I seem to think that i saw Gallagher a second time before the final time, but i can't remember for sure. All i know is, that last time that i went to see Gallagher (which shall remain the final time i see Gallagher), he had completely fallen to shit.
Gallagher was probably high as a kite being flown by another kite when he took the stage that evening. When he repeated jokes that were familiar from his previous routines, they felt forced and scripted, and those were the better moments of the performance. He spent most of the two or three hours pacing the stage and walking up and down the aisles of the theater spewing racist stereotypes and generalities and jokes he probably stole from Carlos Mencia (who in turn stole them from Joe Rogan, but who the fuck cares?), going so far as to accuse one darker-skinned member of the audience of being Columbian, and therefore an obvious drug smuggler. I spent most of the show with a polite grin on my face, but hollow disappointment and, eventually, anger in my eyes. As Gallagher himself said in We Need A Hero, "I hate it when my heroes let me down!" It was funny when he said it in 1992. Not so much when i thought it in 2007. I think it was 2007.
Well, when it came time to Sledge-I-Fy some food that could have probably been sent to a starving third world country and caused more smiles and laughter than Gallagher's entire career, i of course made my move toward the stage.
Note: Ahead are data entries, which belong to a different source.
(* Let $T, N$ be positive integers and $\delta>0$. Let $L\in\mathbb{R}^{T\times T}$ be the lower triangular matrix with $L_{jk}=\delta$ for $k\le j$ and $L_{jk}=0$ for $k>j$, and let $H := (L,\,-L,\,I_T,\,-I_T)\in\mathbb{R}^{4T\times T}$ (vertical stacking). For $i=1,\dots,N$ let $h_i := (\overline{x}_i,\,-\underline{x}_i,\,\overline{u}_i,\,-\underline{u}_i)\in\mathbb{R}^{4T}$ for given vectors $\overline{x}_i,\underline{x}_i,\overline{u}_i,\underline{u}_i\in\mathbb{R}^T$, and suppose each set $\mathbb{U}_i := \{u\in\mathbb{R}^T \mid Hu\le h_i\}$ is nonempty. Let $h_0 := \frac{1}{N}\sum_{i=1}^N h_i$, $\mathbb{U}_0 := \{u\in\mathbb{R}^T\mid Hu\le h_0\}$, and $\mathbb{U} := \mathbb{U}_1+\dots+\mathbb{U}_N$ (Minkowski sum). Let $Q\in\mathbb{R}^{T\times T}$ be invertible. If there exist $\gamma_i\in\mathbb{R}^T$ and $\Lambda_i\in\mathbb{R}^{4T\times 4T}$ for $i=1,\dots,N$ such that $\sum_{i=1}^N\gamma_i = 0$ and, for each $i=1,\dots,N$: $\Lambda_i\ge 0$ (entrywise), $\Lambda_i H = HQ^{-1}$, and $\Lambda_i h_i\le \frac{1}{N}h_0 - H\gamma_i$ (entrywise), then $\mathbb{U}\subseteq Q\mathbb{U}_0$.
   Context: For a matrix $Q$, $Q\mathbb{X} := \{Qx\mid x\in\mathbb{X}\}$. Vector and matrix inequalities are entrywise. $(A,B)$ denotes vertical stacking of $A$ and $B$. *)

theory Defs
  imports "HOL-Analysis.Analysis"
begin

text \<open>Row index set of size 4T: four copies of the index set 't of size T,
  stacked in the order (first block, second, third, fourth).\<close>
type_synonym 't idx4 = "'t + ('t + ('t + 't))"

definition stack4 :: "('a, 't::finite) vec \<Rightarrow> ('a, 't) vec \<Rightarrow> ('a, 't) vec \<Rightarrow> ('a, 't) vec
    \<Rightarrow> ('a, 't idx4) vec" where
  "stack4 a b c d = (\<chi> k. case k of Inl j \<Rightarrow> a $ j | Inr (Inl j) \<Rightarrow> b $ j
                        | Inr (Inr (Inl j)) \<Rightarrow> c $ j | Inr (Inr (Inr j)) \<Rightarrow> d $ j)"

definition Lmat :: "real \<Rightarrow> real ^ ('t::{finite,linorder}) ^ ('t::{finite,linorder})" where
  "Lmat \<delta> = (\<chi> j k. if k \<le> j then \<delta> else 0)"

definition Hmat :: "real \<Rightarrow> real ^ ('t::{finite,linorder}) ^ ('t::{finite,linorder}) idx4" where
  "Hmat \<delta> = stack4 (Lmat \<delta>) (- Lmat \<delta>) (mat 1) (- mat 1)"

definition polyU :: "real ^ 't ^ 'm \<Rightarrow> real ^ 'm \<Rightarrow> (real ^ 't) set" where
  "polyU H h = {u. H *v u \<le> h}"

definition minkowski_sum :: "nat \<Rightarrow> (nat \<Rightarrow> ('a::comm_monoid_add) set) \<Rightarrow> 'a set" where
  "minkowski_sum N U = {\<Sum>i\<in>{1..N}. u i | u. \<forall>i\<in>{1..N}. u i \<in> U i}"

end

theory Submission
  imports Defs
begin

text \<open>Let \<open>u = u\<^sub>1 + \<dots> + u\<^sub>N\<close> with \<open>H u\<^sub>i \<le> h\<^sub>i\<close>. Since \<open>\<Lambda>\<^sub>i H = H Q\<^sup>-\<^sup>1\<close> and
  \<open>\<Lambda>\<^sub>i \<ge> 0\<close>, we get \<open>H Q\<^sup>-\<^sup>1 u\<^sub>i = \<Lambda>\<^sub>i H u\<^sub>i \<le> \<Lambda>\<^sub>i h\<^sub>i \<le> h\<^sub>0/N - H \<gamma>\<^sub>i\<close>; summing over
  \<open>i\<close> the \<open>\<gamma>\<^sub>i\<close> cancel and \<open>H Q\<^sup>-\<^sup>1 u \<le> h\<^sub>0\<close>, i.e. \<open>u \<in> Q \<UU>\<^sub>0\<close>.\<close>

lemma matrix_inv_right:
  fixes Q :: "'a::semiring_1 ^ 'n ^ 'm"
  assumes "invertible Q"
  shows "Q ** matrix_inv Q = mat 1"
  using someI_ex[OF assms[unfolded invertible_def]] unfolding matrix_inv_def by blast

lemma nonneg_matrix_vector_mult_mono:
  fixes A :: "real ^ 'n ^ 'm"
  assumes "\<forall>j k. A $ j $ k \<ge> 0" and "x \<le> y"
  shows "A *v x \<le> A *v y"
  unfolding less_eq_vec_def
proof
  fix j
  have "(\<Sum>k\<in>UNIV. A $ j $ k * x $ k) \<le> (\<Sum>k\<in>UNIV. A $ j $ k * y $ k)"
    using assms by (intro sum_mono mult_left_mono) (auto simp: less_eq_vec_def)
  then show "(A *v x) $ j \<le> (A *v y) $ j"
    by (simp add: matrix_vector_mult_def)
qed

lemma polyU_multiplier_bound:
  fixes H :: "real ^ 'n ^ 'm" and \<Lambda> :: "real ^ 'm ^ 'm"
  assumes "u \<in> polyU H h" and "\<forall>j k. \<Lambda> $ j $ k \<ge> 0" and "\<Lambda> ** H = H ** P"
  shows "H *v (P *v u) \<le> \<Lambda> *v h"
proof -
  have "H *v (P *v u) = \<Lambda> *v (H *v u)"
    using assms(3) by (simp add: matrix_vector_mul_assoc)
  also have "\<dots> \<le> \<Lambda> *v h"
    using assms(1,2) by (intro nonneg_matrix_vector_mult_mono) (auto simp: polyU_def)
  finally show ?thesis .
qed

lemma minkowski_sum_polyU_subset_image:
  fixes H :: "real ^ 'n ^ 'm" and Q :: "real ^ 'n ^ 'n" and \<Lambda> :: "nat \<Rightarrow> real ^ 'm ^ 'm"
  assumes Q_inv: "invertible Q"
    and gamma_sum: "(\<Sum>i\<in>{1..N}. \<gamma> i) = 0"
    and Lambda_nonneg: "\<forall>i\<in>{1..N}. \<forall>j k. \<Lambda> i $ j $ k \<ge> 0"
    and Lambda_H: "\<forall>i\<in>{1..N}. \<Lambda> i ** H = H ** matrix_inv Q"
    and Lambda_h: "\<forall>i\<in>{1..N}. \<Lambda> i *v h i \<le> g i - H *v \<gamma> i"
  shows "minkowski_sum N (\<lambda>i. polyU H (h i)) \<subseteq> (\<lambda>x. Q *v x) ` polyU H (\<Sum>i\<in>{1..N}. g i)"
proof
  fix x assume "x \<in> minkowski_sum N (\<lambda>i. polyU H (h i))"
  then obtain u where x: "x = (\<Sum>i\<in>{1..N}. u i)" and u: "\<forall>i\<in>{1..N}. u i \<in> polyU H (h i)"
    unfolding minkowski_sum_def by auto
  define v where "v = matrix_inv Q *v x"
  have "H *v v = (\<Sum>i\<in>{1..N}. H *v (matrix_inv Q *v u i))"
    unfolding v_def x by (simp add: vec.sum)
  also have "\<dots> \<le> (\<Sum>i\<in>{1..N}. g i - H *v \<gamma> i)"
    using u Lambda_nonneg Lambda_H Lambda_h
    by (intro sum_mono order_trans[OF polyU_multiplier_bound]) auto
  also have "\<dots> = (\<Sum>i\<in>{1..N}. g i)"
    using gamma_sum by (simp add: sum_subtractf flip: vec.sum)
  finally have "v \<in> polyU H (\<Sum>i\<in>{1..N}. g i)"
    unfolding polyU_def by simp
  moreover have "x = Q *v v"
    unfolding v_def by (simp add: matrix_vector_mul_assoc matrix_inv_right[OF Q_inv])
  ultimately show "x \<in> (\<lambda>x. Q *v x) ` polyU H (\<Sum>i\<in>{1..N}. g i)"
    by blast
qed

theorem corollary1:
  fixes N :: nat and \<delta> :: real
    and xup xlo uup ulo :: "nat \<Rightarrow> real ^ ('t::{finite,linorder})"
    and Q :: "real ^ ('t::{finite,linorder}) ^ ('t::{finite,linorder})"
    and \<gamma> :: "nat \<Rightarrow> real ^ ('t::{finite,linorder})"
    and \<Lambda> :: "nat \<Rightarrow> real ^ (('t::{finite,linorder}) idx4) ^ (('t::{finite,linorder}) idx4)"
  defines "H \<equiv> Hmat \<delta>"
  defines "h \<equiv> (\<lambda>i. stack4 (xup i) (- xlo i) (uup i) (- ulo i))"
  defines "h0 \<equiv> (1 / real N) *\<^sub>R (\<Sum>i\<in>{1..N}. h i)"
  assumes N_pos: "N \<ge> 1"
    and delta_pos: "\<delta> > 0"
    and nonempty: "\<forall>i\<in>{1..N}. polyU H (h i) \<noteq> {}"
    and Q_inv: "invertible Q"
    and gamma_sum: "(\<Sum>i\<in>{1..N}. \<gamma> i) = 0"
    and Lambda_nonneg: "\<forall>i\<in>{1..N}. \<forall>j k. \<Lambda> i $ j $ k \<ge> 0"
    and Lambda_H: "\<forall>i\<in>{1..N}. \<Lambda> i ** H = H ** matrix_inv Q"
    and Lambda_h: "\<forall>i\<in>{1..N}. \<Lambda> i *v h i \<le> (1 / real N) *\<^sub>R h0 - H *v \<gamma> i"
  shows "minkowski_sum N (\<lambda>i. polyU H (h i)) \<subseteq> (\<lambda>x. Q *v x) ` polyU H h0"
proof -
  have "(\<Sum>i\<in>{1..N}. (1 / real N) *\<^sub>R h0) = h0"
    using N_pos by (simp only: sum_constant_scaleR card_atLeastAtMost scaleR_scaleR) simp
  with minkowski_sum_polyU_subset_image[OF Q_inv gamma_sum Lambda_nonneg Lambda_H Lambda_h]
  show ?thesis by simp
qed

end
When it came my turn to wield that enormous mallet of legend, a pumpkin pie sitting on the desk in front of me, Gallagher up and popped me in the face with a second, hidden pumpkin pie.
I stopped and slowly turned to look at him, a dramatic move ripped from sitcoms everywhere when someone does something shocking and hilarious. I may as well have put those words in quotation marks, but eh. If i'd been in the audience, i probably would have thought that was funny too. He made some smartass remarks about my appearance, what with the pie on the face and such, but i couldn't understand them. I don't think they had monitors on the stage, so he really couldn't hear his own voice. Maybe that's why he spent so much more time in the aisles than on the stage.
Well, being only a pawn in Gallagher's little game and without a microphone of my own, i proceeded to do what i'd come up there for. I wound up with the mallet and let loose on that pumpkin pie.
Now, a Sledge-O-Matic is difficult to aim. It's heavy and it's not well balanced. You've kind of got to pick a general area and just hope for the best. Well, as luck would have it, i hit that pie squarely in (what would have been, from my perspective) the top right quadrant. The result? The pumpkin pie filling shot straight back and to the left, the bulk of it hitting Gallagher himself straight in the fucking face.
I couldn't really see much, all i knew was that the whole audience was laughing. I slowly panned over toward Gallagher and saw what had become of his head, and he was doing the same slow, dramatic turn toward me that i'd done to him moments ago. I laughed as he wiped pumpkin from his eyes. I set the Sledge-O-Matic down and, on my way off the stage, leaned into his microphone and said, "Hey! You kind of look like me now!"
A friend took a picture of my face after the show. I have it saved in a special location and labeled, "Pumpkin Bukkake."
1 comment:
I laughed until I cried at work. So much for being subtle.